Equidistribution of expanding translates of smooth curves in homogeneous spaces under the action of a product of SO(n,1)'s

TL;DR

This paper proves that expanding translates of smooth curves in homogeneous spaces formed by products of SO(n,1) groups become uniformly distributed in the orbit closure, under certain generic conditions, using advanced ergodic and geometric methods.

Contribution

It establishes new equidistribution results for translates of smooth curves in complex homogeneous spaces involving product groups, extending prior understanding of orbit distributions.

Findings

Expanding translates of curves become equidistributed in the orbit closure.

Almost every point on the curve avoids algebraic obstructions for equidistribution.

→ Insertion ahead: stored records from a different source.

(* For every liner $X$ the following are equivalent: (1) $X$ is $0$-hypoparallel; (2) $X$ is $0$-parallel; (3) any two disjoint lines in $X$ are skew; (4) $X$ is projective; (5) $X$ is strongly regular; (6) $X$ is modular.
   Context: A liner is a set $X$ of points with a family of subsets called lines such that any two distinct points lie in a unique line and every line contains at least two points. For distinct $x,y$, $\overline{xy}$ is the line through them and $\overline{xx}:=\{x\}$. A set is flat if it contains $\overline{xy}$ for all its distinct points; $\overline A$ is the smallest flat containing $A$; the rank $\|A\|$ is the smallest cardinality of $B\subseteq X$ with $A\subseteq\overline B$; a plane is a flat of rank 3. For a cardinal $\kappa$, $X$ is $\kappa$-hypoparallel (resp. $\kappa$-parallel) if for every plane $P$, line $L\subseteq P$ and point $x\in P\setminus L$ there are at most (resp. exactly) $\kappa$ lines $\Lambda$ with $x\in\Lambda\subseteq P\setminus L$. Two lines $A,B$ are skew if $\|A\cup B\|=4$. $X$ is projective if for all $o,x,y\in X$, $p\in\overline{xy}$ and $v\in\overline{oy}\setminus\{p\}$ we have $\overline{vp}\cap\overline{ox}\neq\varnothing$. $X$ is strongly regular if for every nonempty flat $A$ and $b\in X\setminus A$, $\overline{A\cup\{b\}}=\bigcup_{a\in A}\overline{ab}$. $X$ is modular if $\|A\cap B\|+\|A\cup B\|=\|A\|+\|B\|$ for all flats $A,B$. *)

theory Defs
  imports Main
begin

definition liner :: "'a set \<Rightarrow> 'a set set \<Rightarrow> bool" where
  "liner X L \<equiv>
     (\<forall>\<Lambda>\<in>L. \<Lambda> \<subseteq> X \<and> (\<exists>x y. x \<noteq> y \<and> x \<in> \<Lambda> \<and> y \<in> \<Lambda>)) \<and>
     (\<forall>x\<in>X. \<forall>y\<in>X. x \<noteq> y \<longrightarrow> (\<exists>!\<Lambda>. \<Lambda> \<in> L \<and> x \<in> \<Lambda> \<and> y \<in> \<Lambda>))"

definition line_through :: "'a set set \<Rightarrow> 'a \<Rightarrow> 'a \<Rightarrow> 'a set" where
  "line_through L x y \<equiv> (if x = y then {x} else (THE \<Lambda>. \<Lambda> \<in> L \<and> x \<in> \<Lambda> \<and> y \<in> \<Lambda>))"

definition flat :: "'a set \<Rightarrow> 'a set set \<Rightarrow> 'a set \<Rightarrow> bool" where
  "flat X L A \<equiv> A \<subseteq> X \<and> (\<forall>x\<in>A. \<forall>y\<in>A. x \<noteq> y \<longrightarrow> line_through L x y \<subseteq> A)"

definition flat_hull :: "'a set \<Rightarrow> 'a set set \<Rightarrow> 'a set \<Rightarrow> 'a set" where
  "flat_hull X L A \<equiv> \<Inter>{F. flat X L F \<and> A \<subseteq> F}"

definition generators :: "'a set \<Rightarrow> 'a set set \<Rightarrow> 'a set \<Rightarrow> 'a set set" where
  "generators X L A \<equiv> {B. B \<subseteq> X \<and> A \<subseteq> flat_hull X L B}"

text \<open>A generating set of smallest cardinality; its cardinality is the rank.\<close>
definition rank_witness :: "'a set \<Rightarrow> 'a set set \<Rightarrow> 'a set \<Rightarrow> 'a set" where
  "rank_witness X L A \<equiv> (SOME B. B \<in> generators X L A \<and>
      (\<forall>C\<in>generators X L A. (card_of B, card_of C) \<in> ordLeq))"

definition rank_is :: "'a set \<Rightarrow> 'a set set \<Rightarrow> 'a set \<Rightarrow> nat \<Rightarrow> bool" where
  "rank_is X L A n \<equiv>
     (\<exists>B\<in>generators X L A. finite B \<and> card B = n) \<and>
     (\<forall>B\<in>generators X L A. finite B \<longrightarrow> n \<le> card B)"

definition plane :: "'a set \<Rightarrow> 'a set set \<Rightarrow> 'a set \<Rightarrow> bool" where
  "plane X L P \<equiv> flat X L P \<and> rank_is X L P 3"

definition parallels_in :: "'a set \<Rightarrow> 'a set set \<Rightarrow> 'a set \<Rightarrow> 'a set \<Rightarrow> 'a \<Rightarrow> 'a set set" where
  "parallels_in X L P M x \<equiv> {\<Lambda>\<in>L. x \<in> \<Lambda> \<and> \<Lambda> \<subseteq> P - M}"

definition hypoparallel :: "nat \<Rightarrow> 'a set \<Rightarrow> 'a set set \<Rightarrow> bool" where
  "hypoparallel \<kappa> X L \<equiv> \<forall>P M x. plane X L P \<and> M \<in> L \<and> M \<subseteq> P \<and> x \<in> P - M \<longrightarrow>
      finite (parallels_in X L P M x) \<and> card (parallels_in X L P M x) \<le> \<kappa>"

definition parallel :: "nat \<Rightarrow> 'a set \<Rightarrow> 'a set set \<Rightarrow> bool" where
  "parallel \<kappa> X L \<equiv> \<forall>P M x. plane X L P \<and> M \<in> L \<and> M \<subseteq> P \<and> x \<in> P - M \<longrightarrow>
      finite (parallels_in X L P M x) \<and> card (parallels_in X L P M x) = \<kappa>"

definition skew :: "'a set \<Rightarrow> 'a set set \<Rightarrow> 'a set \<Rightarrow> 'a set \<Rightarrow> bool" where
  "skew X L A B \<equiv> rank_is X L (A \<union> B) 4"

definition projective :: "'a set \<Rightarrow> 'a set set \<Rightarrow> bool" where
  "projective X L \<equiv> \<forall>w\<in>X. \<forall>x\<in>X. \<forall>y\<in>X. \<forall>p\<in>line_through L x y.
      \<forall>v\<in>line_through L w y - {p}. line_through L v p \<inter> line_through L w x \<noteq> {}"

definition strongly_regular :: "'a set \<Rightarrow> 'a set set \<Rightarrow> bool" where
  "strongly_regular X L \<equiv> \<forall>A b. flat X L A \<and> A \<noteq> {} \<and> b \<in> X - A \<longrightarrow>
      flat_hull X L (A \<union> {b}) = (\<Union>a\<in>A. line_through L a b)"

text \<open>Modularity with cardinal arithmetic: the cardinal sums are compared via disjoint unions.\<close>
definition modular :: "'a set \<Rightarrow> 'a set set \<Rightarrow> bool" where
  "modular X L \<equiv> \<forall>A B. flat X L A \<and> flat X L B \<longrightarrow>
      (card_of (rank_witness X L (A \<inter> B) <+> rank_witness X L (A \<union> B)),
       card_of (rank_witness X L A <+> rank_witness X L B)) \<in> ordIso"

end

theory Submission
  imports Defs
begin

text \<open>
  Lines and planes have rank 2 and 3, so two disjoint lines fail to be skew exactly when they lie
  in a plane spanned by three points; there one is a parallel to the other through any of its
  points. This links (1)--(3), and the projective axiom is the special case of the triangle
  \<open>w x y\<close>, whose lines \<open>v p\<close> and \<open>w x\<close> lie in the plane \<open>w x y\<close>.
  Two applications of the projective axiom show that the cone \<open>\<Union>a\<in>A. line a b\<close> over a flat \<open>A\<close>
  is again flat, which is strong regularity. Strong regularity gives the exchange property of the
  flat hull, so flats form a matroid: independent sets obey the Steinitz bound and flats of finite
  rank have finite bases. The modular law \<open>span (A \<union> C) \<inter> B = C\<close> for flats
  \<open>A \<inter> B \<subseteq> C \<subseteq> B\<close> lets a basis of \<open>A \<inter> B\<close>, extended to bases of \<open>A\<close> and of \<open>B\<close>,
  be merged into a basis of \<open>A \<union> B\<close>, which is modularity for finite ranks; for infinite ranks
  both cardinal sums equal the rank of \<open>A \<union> B\<close>. Finally, in a modular liner two disjoint lines
  have \<open>0 + rank (A \<union> B) = 2 + 2\<close>.
\<close>

locale liner_space =
  fixes X :: "'a set" and L :: "'a set set"
  assumes liner: "liner X L"
begin

abbreviation line :: "'a \<Rightarrow> 'a \<Rightarrow> 'a set" where
  "line \<equiv> line_through L"

abbreviation span :: "'a set \<Rightarrow> 'a set" where
  "span \<equiv> flat_hull X L"

lemma line_subset_points: "\<Lambda> \<in> L \<Longrightarrow> \<Lambda> \<subseteq> X"
  using liner unfolding liner_def by blast

lemma line_has_two_points: "\<Lambda> \<in> L \<Longrightarrow> \<exists>x y. x \<noteq> y \<and> x \<in> \<Lambda> \<and> y \<in> \<Lambda>"
  using liner unfolding liner_def by blast

lemma line_through_unique:
  assumes "x \<in> X" "y \<in> X" "x \<noteq> y"
  shows "\<exists>!\<Lambda>. \<Lambda> \<in> L \<and> x \<in> \<Lambda> \<and> y \<in> \<Lambda>"
  using liner assms unfolding liner_def by (elim conjE) simp

lemma line_through_in_L:
  assumes "x \<in> X" "y \<in> X" "x \<noteq> y"
  shows "line x y \<in> L" "x \<in> line x y" "y \<in> line x y"
  using theI'[OF line_through_unique[OF assms]] assms(3) by (simp_all add: line_through_def)

lemma line_eqI:
  assumes "\<Lambda> \<in> L" "x \<in> \<Lambda>" "y \<in> \<Lambda>" "x \<noteq> y"
  shows "line x y = \<Lambda>"
proof -
  have "x \<in> X" "y \<in> X" using assms line_subset_points by auto
  from the1_equality[OF line_through_unique[OF this assms(4)]] assms show ?thesis
    by (simp add: line_through_def)
qed

lemma line_same [simp]: "line x x = {x}"
  by (simp add: line_through_def)

lemma line_commute: "line x y = line y x"
proof -
  have "(\<lambda>\<Lambda>. \<Lambda> \<in> L \<and> x \<in> \<Lambda> \<and> y \<in> \<Lambda>) = (\<lambda>\<Lambda>. \<Lambda> \<in> L \<and> y \<in> \<Lambda> \<and> x \<in> \<Lambda>)"
    by auto
  then show ?thesis by (simp add: line_through_def)
qed

lemma left_in_line: "x \<in> X \<Longrightarrow> y \<in> X \<Longrightarrow> x \<in> line x y"
  using line_through_in_L by (cases "x = y") auto

lemma right_in_line: "x \<in> X \<Longrightarrow> y \<in> X \<Longrightarrow> y \<in> line x y"
  using left_in_line line_commute by metis

lemma line_subset: "x \<in> X \<Longrightarrow> y \<in> X \<Longrightarrow> line x y \<subseteq> X"
  using line_through_in_L line_subset_points by (cases "x = y") (auto simp: line_through_def)

lemma line_eq_line:
  assumes "x \<in> X" "y \<in> X" "u \<in> line x y" "v \<in> line x y" "u \<noteq> v"
  shows "line u v = line x y"
proof -
  have "x \<noteq> y" using assms(3-5) by auto
  then show ?thesis using line_eqI line_through_in_L assms by blast
qed

lemma flat_line: "\<Lambda> \<in> L \<Longrightarrow> flat X L \<Lambda>"
  unfolding flat_def using line_subset_points line_eqI by auto

lemma flat_line_through: "x \<in> X \<Longrightarrow> y \<in> X \<Longrightarrow> flat X L (line x y)"
  using flat_line line_through_in_L by (cases "x = y") (auto simp: flat_def)

lemma flat_line_subset: "flat X L F \<Longrightarrow> x \<in> F \<Longrightarrow> y \<in> F \<Longrightarrow> line x y \<subseteq> F"
  unfolding flat_def by (cases "x = y") auto

lemma flat_subset_points: "flat X L F \<Longrightarrow> F \<subseteq> X"
  unfolding flat_def by auto

lemma flat_points: "flat X L X"
  unfolding flat_def using line_subset by auto

lemma span_superset: "A \<subseteq> span A"
  unfolding flat_hull_def by blast

lemma span_least: "flat X L F \<Longrightarrow> A \<subseteq> F \<Longrightarrow> span A \<subseteq> F"
  unfolding flat_hull_def by blast

lemma span_subset_points: "A \<subseteq> X \<Longrightarrow> span A \<subseteq> X"
  using span_least flat_points by blast

lemma flat_span: "A \<subseteq> X \<Longrightarrow> flat X L (span A)"
  using span_subset_points unfolding flat_def flat_hull_def by blast

lemma line_subset_span: "A \<subseteq> X \<Longrightarrow> x \<in> span A \<Longrightarrow> y \<in> span A \<Longrightarrow> line x y \<subseteq> span A"
  using flat_line_subset flat_span by blast

lemma span_mono: "A \<subseteq> B \<Longrightarrow> B \<subseteq> X \<Longrightarrow> span A \<subseteq> span B"
  using span_least flat_span span_superset by (meson order_trans)

lemma span_flat_eq: "flat X L F \<Longrightarrow> span F = F"
  using span_least span_superset by blast

lemma span_Un_span:
  assumes "A \<subseteq> X" "B \<subseteq> X"
  shows "span (span A \<union> B) = span (A \<union> B)"
proof
  show "span (span A \<union> B) \<subseteq> span (A \<union> B)"
    using assms span_superset[of "A \<union> B"] span_mono[of A "A \<union> B"]
    by (intro span_least flat_span) auto
  show "span (A \<union> B) \<subseteq> span (span A \<union> B)"
    using assms span_superset span_subset_points by (intro span_mono) auto
qed

lemma span_empty [simp]: "span {} = {}"
  using span_flat_eq by (simp add: flat_def)

lemma span_singleton: "x \<in> X \<Longrightarrow> span {x} = {x}"
  using span_flat_eq by (simp add: flat_def)

lemma span_pair:
  assumes "x \<in> X" "y \<in> X"
  shows "span {x, y} = line x y"
proof
  show "span {x, y} \<subseteq> line x y"
    using left_in_line right_in_line assms by (intro span_least flat_line_through) auto
  show "line x y \<subseteq> span {x, y}"
    using line_subset_span[of "{x, y}" x y] span_superset assms by blast
qed

section \<open>Rank\<close>

lemma generatorsI: "B \<subseteq> X \<Longrightarrow> S \<subseteq> span B \<Longrightarrow> B \<in> generators X L S"
  unfolding generators_def by blast

lemma generatorsD: "B \<in> generators X L S \<Longrightarrow> B \<subseteq> X \<and> S \<subseteq> span B"
  unfolding generators_def by blast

The proof combines Ratner's measure classification, geometric invariant theory, and linearization techniques.

Abstract

We study the limiting distributions of expanding translates of a compact segment of a smooth curve under a diagonal subgroup of $G=\mathrm{SO}(n_1,1)\times\cdots\times\mathrm{SO}(n_k,1)$, where $G$ acts on a finite volume homogeneous space $L/\Gamma$ as a subgroup. We show that the expanding translates of the curve become equidistributed in the orbit closure of $G$, provided that Lebesgue almost every point on the curve avoids a certain countable collection of algebraic obstructions. The proof involves Ratner's measure classification theorem, Kempf's geometric invariant theory, and the linearization technique.